We have demonstrated that sexual activity produces transient sympathoadrenal activation and a pronounced, long-lasting increase in prolactin in men and women. However, by analyzing endocrine alterations at 10-min intervals, a precise assignment of these changes to the pre-, peri- and postorgasmic periods was not possible. Thus, the current study aimed to accurately differentiate the endocrine response to sexual arousal and orgasm in men using an automatic blood collection technique with 2-min sampling intervals. Blood was drawn continuously before, during and after orgasm over a total period of 40 min in 10 healthy subjects and were compared with samples obtained under a control condition. Sexual activity induced transient increases of plasma epinephrine and norepinephrine levels during orgasm with a rapid decline thereafter. In contrast, prolactin levels increased immediately after orgasm and remained elevated throughout the experiment. Although oxytocin was acutely increased after orgasm, these changes were not consistent and did not reach statistical significance. Vasopressin, LH, FSH and testosterone plasma concentrations remained unaltered during sexual arousal and orgasm. These data confirm that prolactin is secreted after orgasm and, compared with oxytocin, seems to represent a more reliable and sustained marker for orgasm in man. The results further reinforce a role for prolactin either as a neuroendocrine reproductive reflex or as a feedback mechanism modulating dopaminergic systems in the central nervous system that are responsible for appetitive behavior.
Periodic changes in serum testosterone levels after ejaculation in men. Sheng Li Xue Bao. 2002 Dec 25;54(6):535-8.
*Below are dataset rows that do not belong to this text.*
text \<open>The matrix with rows e_0, ..., e_(n-1), a has determinant 1, and multiplying it with
  (f 0, ..., f n) makes the last row (a . f 0, 0, ..., 0).\<close>

lemma abs_det_colmat_orth:
  assumes a: "a \<in> pi_d (Suc n)" and f: "\<And>j. j \<le> n \<Longrightarrow> f j \<in> carrier_vec (Suc n)"
    and orth: "\<And>j. 0 < j \<Longrightarrow> j \<le> n \<Longrightarrow> a \<bullet> f j = 0"
  shows "\<bar>det (colmat (Suc n) (Suc n) f)\<bar> =
    \<bar>a \<bullet> f 0\<bar> * \<bar>det (colmat n n (\<lambda>j. underline (f (Suc j))))\<bar>"
proof -
  define e where "e = (\<lambda>i. if i = n then a else unit_vec (Suc n) i)"
  have e: "\<And>i. i < Suc n \<Longrightarrow> e i \<in> carrier_vec (Suc n)" using a by (simp add: e_def pi_d_Suc_iff)
  have "det (colmat (Suc n) (Suc n) e) = 1"
    unfolding e_def by (rule det_colmat_unit_vecs_last[OF a])
  have uf: "underline (f (Suc j)) $ i = f (Suc j) $ i" if "i < n" "j < n" for i j
    using f[of "Suc j"] that by (simp add: underline_index)
  let ?M = "mat (Suc n) (Suc n) (\<lambda>(i,j). e i \<bullet> f j)"
  have "det ?M = det (colmat (Suc n) (Suc n) f)"
    using det_scalar_prod_mat[of "Suc n" e f] \<open>det (colmat (Suc n) (Suc n) e) = 1\<close> e f by simp
  moreover have "det ?M = ?M $$ (n,0) * cofactor ?M n 0"
    by (rule det_row_single_entry[of _ "Suc n"]) (use orth in \<open>auto simp: e_def\<close>)
  moreover have "mat_delete ?M n 0 = colmat n n (\<lambda>j. underline (f (Suc j)))"
    by (rule eq_matI) (use f uf in \<open>auto simp: mat_delete_def e_def insert_index_def\<close>)
  ultimately show ?thesis by (simp add: cofactor_def e_def abs_mult)
qed

lemma pi_d_orthogonal_ex1:
  assumes z: "\<And>j. j < n \<Longrightarrow> z j \<in> carrier_vec (Suc n)"
    and ind: "lin_indep_family n n (\<lambda>j. underline (z j))"
  shows "\<exists>!a. a \<in> pi_d (Suc n) \<and> (\<forall>j<n. a \<bullet> z j = 0)"
proof -
  have orth: "a \<bullet> z j = 0 \<longleftrightarrow> underline (z j) \<bullet> underline a = - z j $ n"
    if "a \<in> pi_d (Suc n)" "j < n" for a j
    using that z scalar_prod_underline[of a n "z j"]
      comm_scalar_prod[of "underline a" n "underline (z j)"]
    by (auto simp: pi_d_Suc_iff)
  have "\<And>j. j < n \<Longrightarrow> underline (z j) \<in> carrier_vec n" using z by simp
  then obtain x where x: "x \<in> carrier_vec n" "\<forall>j<n. underline (z j) \<bullet> x = - z j $ n"
    and uniq: "\<And>y. y \<in> carrier_vec n \<Longrightarrow> \<forall>j<n. underline (z j) \<bullet> y = - z j $ n \<Longrightarrow> y = x"
    using lin_indep_family_ex1_solution[OF ind, of "\<lambda>j. - z j $ n"] by blast
  define a where "a = vec (Suc n) (\<lambda>i. if i < n then x $ i else 1)"
  have a: "a \<in> pi_d (Suc n)" and ua: "underline a = x"
    using x(1) by (auto simp: a_def pi_d_Suc_iff underline_def vec_eq_iff)
  show ?thesis
  proof (rule ex1I[of _ a])
    show "a \<in> pi_d (Suc n) \<and> (\<forall>j<n. a \<bullet> z j = 0)" using a ua x(2) orth by simp
    fix b assume b: "b \<in> pi_d (Suc n) \<and> (\<forall>j<n. b \<bullet> z j = 0)"
    hence "underline b = x" using orth by (intro uniq) (auto simp: pi_d_Suc_iff)
    thus "b = a" using a b ua eq_iff_underline_eq by (auto simp: pi_d_Suc_iff)
  qed
qed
The purpose of this study was to determine the changes in sex hormone level in men after ejaculation. The serum testosterone concentrations of 28 male volunteers were investigated daily during abstinence period after ejaculation. We found that fluctuations of testosterone levels from day 2 to day 5 of abstinence were minimal. On day 7 of abstinence, a peak of serum testosterone appeared, reaching 145.7% of the baseline (P<0.01). After the peak, no regular fluctuation was observed. Ejaculation was the premise and beginning of the 7 days' periodic phenomenon. If there was no ejaculation, there was no periodical changes in serum testosterone level. These results indicate that the periodic change in serum testosterone level is caused by ejaculation.
A research on the relationship between ejaculation and serum testosterone level in men. J Zhejiang Univ Sci. 2003 Mar-Apr;4(2):236-40.
The purpose of this study is to gain understanding of the relationship between ejaculation and serum testosterone level in men. The serum testosterone concentrations of 28 volunteers were investigated daily during abstinence periods after ejaculation for two phases. The authors found that the fluctuations of testosterone levels from the 2nd to 5th day of abstinence were minimal. On the 7th day of abstinence, however, a clear peak of serum testosterone appeared, reaching 145.7% of the baseline ( P < 0.01). No regular fluctuation was observed following continuous abstinence after the peak. Ejaculation is the precondition and beginning of the special periodic serum testosterone level variations, which would not occur without ejaculation. The results showed that ejaculation-caused variations were characterized by a peak on the 7th day of abstinence; and that the effective time of an ejaculation is 7 days minimum. These data are the first to document the phenomenon of the periodic change in serum testosterone level; the correlation between ejaculation and periodic change in the serum testosterone level, and the pattern and characteristics of the periodic change.